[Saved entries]
(* Fix a characteristic generator $\tau$ such that $Y\sim\mathrm E_1(0,1,\tau)$ has a continuous distribution function $F$. For each $n\ge2$ let $\mathbf X^{(n)}\sim\mathrm E_n(\boldsymbol\mu^{(n)},\Sigma^{(n)},\tau)$ with $\mathbf 1^\top\Sigma^{(n)}\mathbf 1>0$, and suppose $\lim_{n\to\infty}\mathrm{AC}_{\Sigma^{(n)}}=0$. Then $\lim_{n\to\infty}\mathrm{DQ}^{\mathrm{VaR}}_\alpha(\mathbf X^{(n)})=0$ for every $\alpha\in(0,1/2)$, and, if in addition $\mathbb E|Y|<\infty$, $\lim_{n\to\infty}\mathrm{DQ}^{\mathrm{ES}}_\beta(\mathbf X^{(n)})=0$ for every $\beta\in(0,1)$.
   Context: Let $(\Omega,\mathcal F,\mathbb P)$ be an atomless probability space. For $\alpha\in[0,1)$ and a random variable $X$, $\mathrm{VaR}_\alpha(X)=\inf\{x\in\mathbb R:\mathbb P(X\le x)\ge 1-\alpha\}$; for $\alpha\in(0,1)$ and integrable $X$, $\mathrm{ES}_\alpha(X)=\frac1\alpha\int_0^\alpha\mathrm{VaR}_\beta(X)\,\mathrm d\beta$. For $\rho\in\{\mathrm{VaR},\mathrm{ES}\}$, $\alpha\in(0,1)$ and $\mathbf X=(X_1,\dots,X_n)$ (integrable components when $\rho=\mathrm{ES}$), $\mathrm{DQ}^\rho_\alpha(\mathbf X)=\alpha^*/\alpha$, where $\alpha^*=\inf\{\beta\in(0,1):\rho_\beta(\sum_{i=1}^nX_i)\le\sum_{i=1}^n\rho_\alpha(X_i)\}$, with $\inf\emptyset=1$. A random vector $\mathbf X$ in $\mathbb R^n$ has elliptical distribution $\mathrm E_n(\boldsymbol\mu,\Sigma,\tau)$, with $\boldsymbol\mu\in\mathbb R^n$, $\Sigma$ positive semi-definite and nonzero, and $\tau:[0,\infty)\to\mathbb R$, if $\mathbb E[\exp(\mathrm i\,\mathbf t^\top\mathbf X)]=\exp(\mathrm i\,\mathbf t^\top\boldsymbol\mu)\,\tau(\mathbf t^\top\Sigma\mathbf t)$ for all $\mathbf t\in\mathbb R^n$. For $\Sigma=(\sigma_{ij})_{n\times n}$ with $\sigma_i=\sqrt{\sigma_{ii}}$, the average correlation is $\mathrm{AC}_\Sigma=\sum_{i,j=1}^n\sigma_{ij}/(\sum_{i=1}^n\sigma_i)^2$. *)

theory Defs
  imports "HOL-Probability.Probability"
begin

definition atomless :: "'a measure \<Rightarrow> bool" where
  "atomless M \<longleftrightarrow> (\<forall>A\<in>sets M. measure M A > 0 \<longrightarrow>
      (\<exists>B\<in>sets M. B \<subseteq> A \<and> 0 < measure M B \<and> measure M B < measure M A))"

definition VaR :: "'a measure \<Rightarrow> real \<Rightarrow> ('a \<Rightarrow> real) \<Rightarrow> real" where
  "VaR M \<alpha> X = Inf {x. measure M {\<omega>\<in>space M. X \<omega> \<le> x} \<ge> 1 - \<alpha>}"

definition ES :: "'a measure \<Rightarrow> real \<Rightarrow> ('a \<Rightarrow> real) \<Rightarrow> real" where
  "ES M \<alpha> X = (1 / \<alpha>) * (LBINT \<beta>=0..\<alpha>. VaR M \<beta> X)"

definition DQ :: "(real \<Rightarrow> ('a \<Rightarrow> real) \<Rightarrow> real) \<Rightarrow> real \<Rightarrow> nat \<Rightarrow> (nat \<Rightarrow> 'a \<Rightarrow> real) \<Rightarrow> real" where
  "DQ \<rho> \<alpha> n X =
     (let S = {\<beta>\<in>{0<..<1}. \<rho> \<beta> (\<lambda>\<omega>. \<Sum>i<n. X i \<omega>) \<le> (\<Sum>i<n. \<rho> \<alpha> (X i))}
      in (if S = {} then 1 else Inf S) / \<alpha>)"

definition qform :: "nat \<Rightarrow> (nat \<Rightarrow> nat \<Rightarrow> real) \<Rightarrow> (nat \<Rightarrow> real) \<Rightarrow> real" where
  "qform n \<Sigma> t = (\<Sum>i<n. \<Sum>j<n. t i * \<Sigma> i j * t j)"

definition psd :: "nat \<Rightarrow> (nat \<Rightarrow> nat \<Rightarrow> real) \<Rightarrow> bool" where
  "psd n \<Sigma> \<longleftrightarrow> (\<forall>i<n. \<forall>j<n. \<Sigma> i j = \<Sigma> j i) \<and> (\<forall>t. qform n \<Sigma> t \<ge> 0)"

definition elliptical ::
  "'a measure \<Rightarrow> nat \<Rightarrow> (nat \<Rightarrow> 'a \<Rightarrow> real) \<Rightarrow> (nat \<Rightarrow> real) \<Rightarrow> (nat \<Rightarrow> nat \<Rightarrow> real)
     \<Rightarrow> (real \<Rightarrow> real) \<Rightarrow> bool" where
  "elliptical M n X \<mu> \<Sigma> \<tau> \<longleftrightarrow>
     (\<forall>i<n. X i \<in> borel_measurable M) \<and> psd n \<Sigma> \<and> (\<exists>i<n. \<exists>j<n. \<Sigma> i j \<noteq> 0) \<and>
     (\<forall>t. (CLINT \<omega>|M. iexp (\<Sum>i<n. t i * X i \<omega>))
            = iexp (\<Sum>i<n. t i * \<mu> i) * complex_of_real (\<tau> (qform n \<Sigma> t)))"

definition AC :: "nat \<Rightarrow> (nat \<Rightarrow> nat \<Rightarrow> real) \<Rightarrow> real" where
  "AC n \<Sigma> = (\<Sum>i<n. \<Sum>j<n. \<Sigma> i j) / (\<Sum>i<n. sqrt (\<Sigma> i i))^2"

end

theory Submission
  imports Defs
begin

text \<open>
  A linear combination \<open>t\<^sup>T X\<close> of an elliptical vector has the law of
  \<open>t\<^sup>T \<mu> + sqrt (t\<^sup>T \<Sigma> t) Y\<close>, where \<open>Y\<close> has characteristic function \<open>\<tau> (u\<^sup>2)\<close>; as VaR
  and ES are law invariant and affinely equivariant, \<open>\<rho>\<^sub>\<beta> (\<Sum>X\<^sub>i) \<le> \<Sum>\<rho>\<^sub>\<alpha> (X\<^sub>i)\<close>
  becomes \<open>sqrt (AC\<^sub>\<Sigma>) \<rho>\<^sub>\<beta> (Y) \<le> \<rho>\<^sub>\<alpha> (Y)\<close>. Since \<open>Y\<close> is symmetric with continuous
  distribution function, \<open>VaR\<^sub>\<alpha> (Y) > 0\<close> for \<open>\<alpha> < 1/2\<close>, and \<open>ES\<^sub>\<beta> (Y) > 0\<close> for all \<open>\<beta>\<close>
  because the quantile function of \<open>Y\<close> integrates to its mean \<open>0\<close>. So once \<open>AC\<^sub>\<Sigma>\<close>
  is small, any fixed level \<open>\<beta> \<in> (0,1)\<close> satisfies the inequality, and \<open>\<alpha>\<^sup>* \<rightarrow> 0\<close>.
\<close>

lemma qform_scale: "qform n S (\<lambda>i. c * t i) = c\<^sup>2 * qform n S t"
  unfolding qform_def by (simp add: sum_distrib_left power2_eq_square mult_ac)

lemma qform_const_one: "qform n S (\<lambda>_. 1) = (\<Sum>i<n. \<Sum>j<n. S i j)"
  by (simp add: qform_def)

lemma sum_of_bool_eq_mult:
  fixes f :: "nat \<Rightarrow> real"
  assumes "i < n"
  shows "(\<Sum>k<n. of_bool (k = i) * f k) = f i"
proof -
  have "(\<Sum>k<n. of_bool (k = i) * f k) = (\<Sum>k<n. if k = i then f k else 0)"
    by (intro sum.cong) auto
  then show ?thesis
    using assms by simp
qed

lemma sum_two_points:
  fixes f :: "nat \<Rightarrow> real"
  assumes "i < n" "j < n"
  shows "(\<Sum>k<n. (x * of_bool (k = i) + y * of_bool (k = j)) * f k) = x * f i + y * f j"
  using assms sum_of_bool_eq_mult
  by (simp add: distrib_right sum.distrib mult.assoc flip: sum_distrib_left)

lemma qform_two_points:
  assumes "i < n" "j < n"
  shows "qform n S (\<lambda>k. x * of_bool (k = i) + y * of_bool (k = j))
       = x * (x * S i i + y * S i j) + y * (x * S j i + y * S j j)"
proof -
  have "qform n S (\<lambda>k. x * of_bool (k = i) + y * of_bool (k = j))
      = (\<Sum>k<n. (x * of_bool (k = i) + y * of_bool (k = j)) *
           (\<Sum>l<n. (x * of_bool (l = i) + y * of_bool (l = j)) * S k l))"
    unfolding qform_def by (simp add: sum_distrib_left mult_ac)
  then show ?thesis
    using assms by (simp only: sum_two_points)
qed

lemma qform_unit_vector: "i < n \<Longrightarrow> qform n S (\<lambda>k. of_bool (k = i)) = S i i"
  using qform_two_points[of i n i S 1 0] by simp

lemma psd_diag_nonneg:
  assumes "psd n S" "i < n"
  shows "S i i \<ge> 0"
proof -
  have "0 \<le> qform n S (\<lambda>k. of_bool (k = i))"
    using assms(1) unfolding psd_def by blast
  also have "\<dots> = S i i"
    by (rule qform_unit_vector[OF assms(2)])
  finally show ?thesis .
qed

lemma psd_offdiag_eq_0:
  assumes "psd n S" "i < n" "j < n" "S i i = 0" "S j j = 0"
  shows "S i j = 0"
proof -
  have sym: "S j i = S i j"
    using assms(1-3) unfolding psd_def by auto
  have "0 \<le> 2 * c * S i j" for c
  proof -
    have "0 \<le> qform n S (\<lambda>k. 1 * of_bool (k = i) + c * of_bool (k = j))"
      using assms(1) unfolding psd_def by blast
    also have "\<dots> = 2 * c * S i j"
      unfolding qform_two_points[OF assms(2,3)] using assms(4,5) sym by (simp add: algebra_simps)
    finally show ?thesis .
  qed
  from this[of 1] this[of "-1"] show ?thesis by simp
qed

lemma psd_ex_diag_pos:
  assumes "psd n S" "(\<Sum>i<n. \<Sum>j<n. S i j) \<noteq> 0"
  obtains i where "i < n" "S i i > 0"
proof -
  have "\<exists>i<n. S i i \<noteq> 0"
  proof (rule ccontr)
    assume "\<not> ?thesis"
    then have "S i j = 0" if "i < n" "j < n" for i j
      using psd_offdiag_eq_0[OF assms(1) that] that by auto
    then show False
      using assms(2) by simp
  qed
  then show thesis
    using psd_diag_nonneg[OF assms(1)] that by (auto simp: order.strict_iff_order)
qed
lemma (in prob_space) SUP_zeta_eq:
  assumes "\<rho> \<in> borel_measurable M" "AE \<omega> in M. 0 < \<rho> \<omega>" "0 < \<alpha>" "\<alpha> < 1"
  shows "(SUP c\<in>{0<..<1}. zeta M \<rho> \<alpha> c) = zeta M \<rho> \<alpha> \<alpha>"
proof -
  interpret D: pos_real_distribution "distr M borel \<rho>"
    using assms(1,2) by (rule pos_real_distribution_distr)
  let ?J = "\<lambda>c. LINT u:{0..1-c}|lborel. D.Q u"
  have "(SUP c\<in>{0<..<1}. zeta M \<rho> \<alpha> c) = (SUP c\<in>{0<..<1}. (if c \<le> \<alpha> then 1 else 0) / ?J c)"
    by (simp add: zeta_eq_set_integral_quantile_rc)
  also have "\<dots> = 1 / ?J \<alpha>"
    using assms(3,4)
    by (intro SUP_threshold_divide_antimono D.set_integral_quantile_rc_pos D.set_integral_quantile_rc_mono) auto
  finally show ?thesis
    by (simp add: zeta_eq_set_integral_quantile_rc)
qed

lemma (in prob_space) inverse_integral_less_zeta:
  assumes "\<rho> \<in> borel_measurable M" "AE \<omega> in M. 0 < \<rho> \<omega>" "integrable M \<rho>" "0 < \<alpha>" "\<alpha> < 1"
  shows "1 / (\<integral>\<omega>. \<rho> \<omega> \<partial>M) < zeta M \<rho> \<alpha> \<alpha>"
proof -
  interpret D: pos_real_distribution "distr M borel \<rho>"
    using assms(1,2) by (rule pos_real_distribution_distr)
  let ?J = "LINT u:{0..1-\<alpha>}|lborel. D.Q u"
  have "integrable (distr M borel \<rho>) (\<lambda>x. x)"
    using assms(1,3) by (simp add: integrable_distr_eq)
  then have "?J + (1 - (1 - \<alpha>)) * D.Q (1 - \<alpha>) \<le> (\<integral>x. x \<partial>distr M borel \<rho>)"
    using assms(4,5) by (intro D.set_integral_quantile_rc_add_le_integral) auto
  then have "?J + \<alpha> * D.Q (1 - \<alpha>) \<le> (\<integral>\<omega>. \<rho> \<omega> \<partial>M)"
    using assms(1) by (simp add: integral_distr)
  moreover have "0 < ?J"
    using assms(4,5) by (intro D.set_integral_quantile_rc_pos) auto
  moreover have "0 < D.Q (1 - \<alpha>)"
    using assms(4,5) by (intro D.quantile_rc_pos) auto
  ultimately have "?J < (\<integral>\<omega>. \<rho> \<omega> \<partial>M)"
    using mult_pos_pos[OF assms(4)] by fastforce
  with \<open>0 < ?J\<close> show ?thesis
    by (simp add: zeta_eq_set_integral_quantile_rc frac_less2)
qed

section \<open>Quantile maximisation under a budget constraint\<close>

lemma cdf_distr_eq:
  "X \<in> borel_measurable M \<Longrightarrow> cdf (distr M borel X) t = measure M {\<omega>\<in>space M. X \<omega> \<le> t}"
  by (simp add: cdf_def measure_distr vimage_def Int_def conj_commute)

# Task brief
Show all lines in the records above that hold "thesis".

# Your response
  then show ?thesis
  then show ?thesis
  finally show ?thesis .
    finally show ?thesis .
  from this[of 1] this[of "-1"] show ?thesis by simp
    assume "\<not> ?thesis"
  then show thesis
  finally show ?thesis
  with \<open>0 < ?J\<close> show ?thesis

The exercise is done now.